▶ Exercise requirements:
Among the entries below, one stretch runs from the line that contains "set \<Rightarrow> 'v \<times>" through the line that contains "(if \<sigma> \<in>". Repeat that stretch exactly, ends included, and only that.

▶ Task inputs:
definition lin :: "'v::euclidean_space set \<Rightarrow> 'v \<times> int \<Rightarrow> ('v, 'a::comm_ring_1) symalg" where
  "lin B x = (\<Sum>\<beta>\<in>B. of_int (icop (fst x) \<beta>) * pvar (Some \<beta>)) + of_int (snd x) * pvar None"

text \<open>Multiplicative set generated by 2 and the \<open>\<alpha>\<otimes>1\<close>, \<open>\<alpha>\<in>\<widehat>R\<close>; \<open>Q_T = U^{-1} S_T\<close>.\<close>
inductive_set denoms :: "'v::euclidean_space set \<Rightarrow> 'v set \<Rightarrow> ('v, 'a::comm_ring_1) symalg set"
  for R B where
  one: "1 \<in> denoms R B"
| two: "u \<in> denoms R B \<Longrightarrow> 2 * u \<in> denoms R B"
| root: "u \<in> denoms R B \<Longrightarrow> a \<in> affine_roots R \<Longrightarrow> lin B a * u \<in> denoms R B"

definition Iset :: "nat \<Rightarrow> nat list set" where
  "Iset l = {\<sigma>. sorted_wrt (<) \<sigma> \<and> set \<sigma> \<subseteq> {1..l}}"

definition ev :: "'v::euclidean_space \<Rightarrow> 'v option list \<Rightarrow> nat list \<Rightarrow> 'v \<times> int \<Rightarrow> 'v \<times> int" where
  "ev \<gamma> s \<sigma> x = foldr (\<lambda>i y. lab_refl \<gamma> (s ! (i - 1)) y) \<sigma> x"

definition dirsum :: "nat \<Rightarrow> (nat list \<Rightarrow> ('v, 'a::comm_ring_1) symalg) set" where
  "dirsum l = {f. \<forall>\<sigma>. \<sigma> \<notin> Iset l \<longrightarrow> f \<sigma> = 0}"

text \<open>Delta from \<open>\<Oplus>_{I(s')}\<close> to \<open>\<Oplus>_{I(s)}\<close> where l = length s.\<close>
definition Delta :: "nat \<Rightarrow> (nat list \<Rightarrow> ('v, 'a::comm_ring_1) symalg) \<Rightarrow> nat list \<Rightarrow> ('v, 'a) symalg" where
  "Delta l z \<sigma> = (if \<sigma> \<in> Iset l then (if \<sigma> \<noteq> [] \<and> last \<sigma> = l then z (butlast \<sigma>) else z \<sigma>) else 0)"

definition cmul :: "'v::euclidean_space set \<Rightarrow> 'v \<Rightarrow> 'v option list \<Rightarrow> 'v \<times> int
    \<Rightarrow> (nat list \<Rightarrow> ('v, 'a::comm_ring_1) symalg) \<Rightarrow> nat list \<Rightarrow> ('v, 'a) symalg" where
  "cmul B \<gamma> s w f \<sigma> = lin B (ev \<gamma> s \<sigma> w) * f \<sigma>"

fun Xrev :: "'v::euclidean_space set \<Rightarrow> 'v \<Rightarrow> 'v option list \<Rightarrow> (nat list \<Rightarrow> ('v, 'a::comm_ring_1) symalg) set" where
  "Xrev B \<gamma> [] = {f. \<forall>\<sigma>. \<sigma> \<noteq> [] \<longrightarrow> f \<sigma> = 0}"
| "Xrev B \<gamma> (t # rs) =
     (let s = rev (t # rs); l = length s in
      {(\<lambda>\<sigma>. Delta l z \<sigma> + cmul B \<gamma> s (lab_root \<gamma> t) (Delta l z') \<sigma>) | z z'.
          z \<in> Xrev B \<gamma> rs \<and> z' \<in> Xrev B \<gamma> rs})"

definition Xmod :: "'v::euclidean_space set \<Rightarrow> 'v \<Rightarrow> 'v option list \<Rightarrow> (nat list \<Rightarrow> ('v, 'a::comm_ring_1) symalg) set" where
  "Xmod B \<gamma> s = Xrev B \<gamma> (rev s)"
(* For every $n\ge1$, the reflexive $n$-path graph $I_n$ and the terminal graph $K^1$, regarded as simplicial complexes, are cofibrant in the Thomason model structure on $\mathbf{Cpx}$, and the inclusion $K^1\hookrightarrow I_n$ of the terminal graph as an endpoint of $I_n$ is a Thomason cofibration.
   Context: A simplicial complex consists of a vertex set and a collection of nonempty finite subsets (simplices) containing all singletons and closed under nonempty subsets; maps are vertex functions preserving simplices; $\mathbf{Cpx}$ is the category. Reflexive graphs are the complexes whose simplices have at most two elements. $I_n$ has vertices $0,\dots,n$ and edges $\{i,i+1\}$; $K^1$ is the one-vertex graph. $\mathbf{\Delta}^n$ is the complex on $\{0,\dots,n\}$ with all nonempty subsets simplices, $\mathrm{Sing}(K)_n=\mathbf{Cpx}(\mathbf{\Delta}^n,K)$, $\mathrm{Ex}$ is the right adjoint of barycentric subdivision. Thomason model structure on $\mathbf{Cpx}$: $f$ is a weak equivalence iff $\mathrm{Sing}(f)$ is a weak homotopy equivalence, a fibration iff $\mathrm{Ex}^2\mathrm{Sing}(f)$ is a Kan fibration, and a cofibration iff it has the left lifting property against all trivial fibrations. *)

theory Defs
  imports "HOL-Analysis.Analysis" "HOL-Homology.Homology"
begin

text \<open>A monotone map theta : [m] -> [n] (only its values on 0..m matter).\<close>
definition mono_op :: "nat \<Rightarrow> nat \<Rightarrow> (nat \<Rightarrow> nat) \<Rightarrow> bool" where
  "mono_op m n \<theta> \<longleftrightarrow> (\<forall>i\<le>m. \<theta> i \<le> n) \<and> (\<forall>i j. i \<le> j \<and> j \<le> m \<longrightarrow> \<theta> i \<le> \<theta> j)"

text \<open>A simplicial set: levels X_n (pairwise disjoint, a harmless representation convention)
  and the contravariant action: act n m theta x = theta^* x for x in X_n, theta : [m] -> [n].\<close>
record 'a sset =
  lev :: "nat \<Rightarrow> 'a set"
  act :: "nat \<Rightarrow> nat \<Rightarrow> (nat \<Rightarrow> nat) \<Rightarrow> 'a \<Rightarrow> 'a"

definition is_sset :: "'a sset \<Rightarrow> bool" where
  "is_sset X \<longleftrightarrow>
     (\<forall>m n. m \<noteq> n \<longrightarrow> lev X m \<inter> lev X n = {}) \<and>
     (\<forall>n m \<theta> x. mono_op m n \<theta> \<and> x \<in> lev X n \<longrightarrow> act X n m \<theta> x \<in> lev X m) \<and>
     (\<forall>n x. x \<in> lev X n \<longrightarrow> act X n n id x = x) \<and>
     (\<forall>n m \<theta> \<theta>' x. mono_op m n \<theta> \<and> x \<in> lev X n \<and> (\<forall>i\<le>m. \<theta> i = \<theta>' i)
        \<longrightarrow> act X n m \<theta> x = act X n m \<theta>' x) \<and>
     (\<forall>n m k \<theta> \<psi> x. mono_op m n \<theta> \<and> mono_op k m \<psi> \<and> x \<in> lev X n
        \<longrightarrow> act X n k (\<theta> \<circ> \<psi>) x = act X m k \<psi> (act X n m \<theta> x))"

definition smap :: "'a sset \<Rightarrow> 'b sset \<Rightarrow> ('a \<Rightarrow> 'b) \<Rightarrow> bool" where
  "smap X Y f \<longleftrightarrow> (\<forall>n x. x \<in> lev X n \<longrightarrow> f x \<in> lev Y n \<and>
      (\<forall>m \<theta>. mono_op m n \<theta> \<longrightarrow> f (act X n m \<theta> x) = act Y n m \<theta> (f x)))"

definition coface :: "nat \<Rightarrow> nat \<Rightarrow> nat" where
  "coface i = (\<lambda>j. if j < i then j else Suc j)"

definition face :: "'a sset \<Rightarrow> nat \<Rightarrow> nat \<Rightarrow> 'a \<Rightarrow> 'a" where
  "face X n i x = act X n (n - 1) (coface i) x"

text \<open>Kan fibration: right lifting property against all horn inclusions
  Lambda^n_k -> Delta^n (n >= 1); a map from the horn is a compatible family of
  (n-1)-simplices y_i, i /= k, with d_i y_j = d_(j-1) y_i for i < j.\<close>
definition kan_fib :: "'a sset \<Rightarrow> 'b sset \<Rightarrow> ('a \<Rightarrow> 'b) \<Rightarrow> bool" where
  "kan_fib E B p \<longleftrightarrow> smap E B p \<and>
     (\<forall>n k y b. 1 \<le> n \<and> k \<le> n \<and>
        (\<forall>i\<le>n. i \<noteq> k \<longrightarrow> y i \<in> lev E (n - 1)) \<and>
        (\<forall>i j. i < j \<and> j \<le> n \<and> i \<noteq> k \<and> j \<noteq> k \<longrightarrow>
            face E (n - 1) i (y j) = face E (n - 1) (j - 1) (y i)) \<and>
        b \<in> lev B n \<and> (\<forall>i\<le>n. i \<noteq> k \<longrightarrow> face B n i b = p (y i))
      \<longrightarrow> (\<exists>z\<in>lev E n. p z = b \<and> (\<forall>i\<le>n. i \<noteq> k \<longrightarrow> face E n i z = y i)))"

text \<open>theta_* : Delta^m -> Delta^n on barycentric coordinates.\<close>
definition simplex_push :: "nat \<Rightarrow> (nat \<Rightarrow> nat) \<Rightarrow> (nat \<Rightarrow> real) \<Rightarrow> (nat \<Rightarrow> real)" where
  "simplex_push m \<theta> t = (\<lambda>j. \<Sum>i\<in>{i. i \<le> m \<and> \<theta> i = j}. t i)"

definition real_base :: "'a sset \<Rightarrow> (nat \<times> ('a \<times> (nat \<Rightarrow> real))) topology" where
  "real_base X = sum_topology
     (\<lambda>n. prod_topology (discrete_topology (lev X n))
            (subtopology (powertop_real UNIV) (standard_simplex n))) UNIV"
--
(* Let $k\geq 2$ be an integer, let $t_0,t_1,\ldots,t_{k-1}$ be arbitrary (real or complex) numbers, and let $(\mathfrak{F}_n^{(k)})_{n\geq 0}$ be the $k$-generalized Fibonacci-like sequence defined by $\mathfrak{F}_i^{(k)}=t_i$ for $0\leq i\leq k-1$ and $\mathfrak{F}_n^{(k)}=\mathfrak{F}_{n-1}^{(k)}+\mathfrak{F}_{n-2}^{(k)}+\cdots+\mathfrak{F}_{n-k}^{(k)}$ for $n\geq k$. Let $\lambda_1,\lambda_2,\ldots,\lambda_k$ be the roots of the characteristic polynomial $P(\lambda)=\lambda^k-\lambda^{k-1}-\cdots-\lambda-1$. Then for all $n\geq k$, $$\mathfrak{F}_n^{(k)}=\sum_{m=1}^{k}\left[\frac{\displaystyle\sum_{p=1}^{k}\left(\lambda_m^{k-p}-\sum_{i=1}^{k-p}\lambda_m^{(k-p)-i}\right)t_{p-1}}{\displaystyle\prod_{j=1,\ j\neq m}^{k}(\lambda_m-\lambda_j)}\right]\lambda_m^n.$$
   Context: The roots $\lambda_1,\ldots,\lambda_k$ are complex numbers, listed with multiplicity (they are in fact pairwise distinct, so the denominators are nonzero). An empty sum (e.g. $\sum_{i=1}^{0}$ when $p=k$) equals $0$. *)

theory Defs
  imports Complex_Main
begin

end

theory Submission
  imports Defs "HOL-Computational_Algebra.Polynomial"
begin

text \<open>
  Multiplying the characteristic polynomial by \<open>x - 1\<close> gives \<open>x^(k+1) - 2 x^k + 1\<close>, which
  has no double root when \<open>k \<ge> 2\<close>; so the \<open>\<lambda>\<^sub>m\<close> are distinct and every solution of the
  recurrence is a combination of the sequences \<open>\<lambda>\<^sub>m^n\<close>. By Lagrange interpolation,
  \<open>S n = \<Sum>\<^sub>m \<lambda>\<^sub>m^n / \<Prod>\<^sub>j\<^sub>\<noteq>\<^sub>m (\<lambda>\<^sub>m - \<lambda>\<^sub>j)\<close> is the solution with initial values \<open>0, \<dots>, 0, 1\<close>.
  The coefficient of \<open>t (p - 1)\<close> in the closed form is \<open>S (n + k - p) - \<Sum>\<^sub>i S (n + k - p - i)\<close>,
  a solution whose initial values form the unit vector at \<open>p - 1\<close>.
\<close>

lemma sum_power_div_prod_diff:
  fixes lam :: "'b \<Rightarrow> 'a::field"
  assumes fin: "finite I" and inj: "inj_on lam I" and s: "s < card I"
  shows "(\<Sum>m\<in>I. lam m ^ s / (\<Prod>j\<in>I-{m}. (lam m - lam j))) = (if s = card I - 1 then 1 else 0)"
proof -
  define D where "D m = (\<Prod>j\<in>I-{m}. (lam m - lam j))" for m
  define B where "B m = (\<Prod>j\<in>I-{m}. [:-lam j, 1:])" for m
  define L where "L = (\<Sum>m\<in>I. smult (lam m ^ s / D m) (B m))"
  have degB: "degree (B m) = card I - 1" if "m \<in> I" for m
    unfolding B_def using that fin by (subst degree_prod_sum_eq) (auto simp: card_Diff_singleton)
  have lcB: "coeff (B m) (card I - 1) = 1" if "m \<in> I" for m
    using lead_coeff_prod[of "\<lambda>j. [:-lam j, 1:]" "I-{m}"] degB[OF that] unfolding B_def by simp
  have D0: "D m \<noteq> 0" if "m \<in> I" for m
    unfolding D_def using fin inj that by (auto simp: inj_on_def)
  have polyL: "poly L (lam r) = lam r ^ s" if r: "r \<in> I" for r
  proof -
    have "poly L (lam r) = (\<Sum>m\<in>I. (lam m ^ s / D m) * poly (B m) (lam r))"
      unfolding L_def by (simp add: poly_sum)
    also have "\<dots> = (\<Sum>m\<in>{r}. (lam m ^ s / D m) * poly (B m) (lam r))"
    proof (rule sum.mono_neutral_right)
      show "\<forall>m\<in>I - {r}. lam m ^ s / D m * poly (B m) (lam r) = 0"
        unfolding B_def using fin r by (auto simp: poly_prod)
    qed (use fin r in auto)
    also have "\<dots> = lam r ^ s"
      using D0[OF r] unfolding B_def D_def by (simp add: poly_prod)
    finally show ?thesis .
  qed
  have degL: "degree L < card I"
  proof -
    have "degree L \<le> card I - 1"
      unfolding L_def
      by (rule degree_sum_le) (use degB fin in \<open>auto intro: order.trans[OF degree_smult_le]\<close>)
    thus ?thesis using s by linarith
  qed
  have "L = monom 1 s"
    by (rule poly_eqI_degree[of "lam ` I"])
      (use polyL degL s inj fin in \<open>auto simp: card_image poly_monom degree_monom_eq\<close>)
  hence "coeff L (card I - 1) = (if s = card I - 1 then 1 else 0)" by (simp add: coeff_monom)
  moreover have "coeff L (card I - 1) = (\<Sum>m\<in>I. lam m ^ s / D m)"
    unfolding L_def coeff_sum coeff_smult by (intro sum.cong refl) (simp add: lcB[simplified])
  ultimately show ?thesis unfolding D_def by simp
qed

▶ Solved problem:
definition lin :: "'v::euclidean_space set \<Rightarrow> 'v \<times> int \<Rightarrow> ('v, 'a::comm_ring_1) symalg" where
  "lin B x = (\<Sum>\<beta>\<in>B. of_int (icop (fst x) \<beta>) * pvar (Some \<beta>)) + of_int (snd x) * pvar None"

text \<open>Multiplicative set generated by 2 and the \<open>\<alpha>\<otimes>1\<close>, \<open>\<alpha>\<in>\<widehat>R\<close>; \<open>Q_T = U^{-1} S_T\<close>.\<close>
inductive_set denoms :: "'v::euclidean_space set \<Rightarrow> 'v set \<Rightarrow> ('v, 'a::comm_ring_1) symalg set"
  for R B where
  one: "1 \<in> denoms R B"
| two: "u \<in> denoms R B \<Longrightarrow> 2 * u \<in> denoms R B"
| root: "u \<in> denoms R B \<Longrightarrow> a \<in> affine_roots R \<Longrightarrow> lin B a * u \<in> denoms R B"

definition Iset :: "nat \<Rightarrow> nat list set" where
  "Iset l = {\<sigma>. sorted_wrt (<) \<sigma> \<and> set \<sigma> \<subseteq> {1..l}}"

definition ev :: "'v::euclidean_space \<Rightarrow> 'v option list \<Rightarrow> nat list \<Rightarrow> 'v \<times> int \<Rightarrow> 'v \<times> int" where
  "ev \<gamma> s \<sigma> x = foldr (\<lambda>i y. lab_refl \<gamma> (s ! (i - 1)) y) \<sigma> x"

definition dirsum :: "nat \<Rightarrow> (nat list \<Rightarrow> ('v, 'a::comm_ring_1) symalg) set" where
  "dirsum l = {f. \<forall>\<sigma>. \<sigma> \<notin> Iset l \<longrightarrow> f \<sigma> = 0}"

text \<open>Delta from \<open>\<Oplus>_{I(s')}\<close> to \<open>\<Oplus>_{I(s)}\<close> where l = length s.\<close>
definition Delta :: "nat \<Rightarrow> (nat list \<Rightarrow> ('v, 'a::comm_ring_1) symalg) \<Rightarrow> nat list \<Rightarrow> ('v, 'a) symalg" where
  "Delta l z \<sigma> = (if \<sigma> \<in> Iset l then (if \<sigma> \<noteq> [] \<and> last \<sigma> = l then z (butlast \<sigma>) else z \<sigma>) else 0)"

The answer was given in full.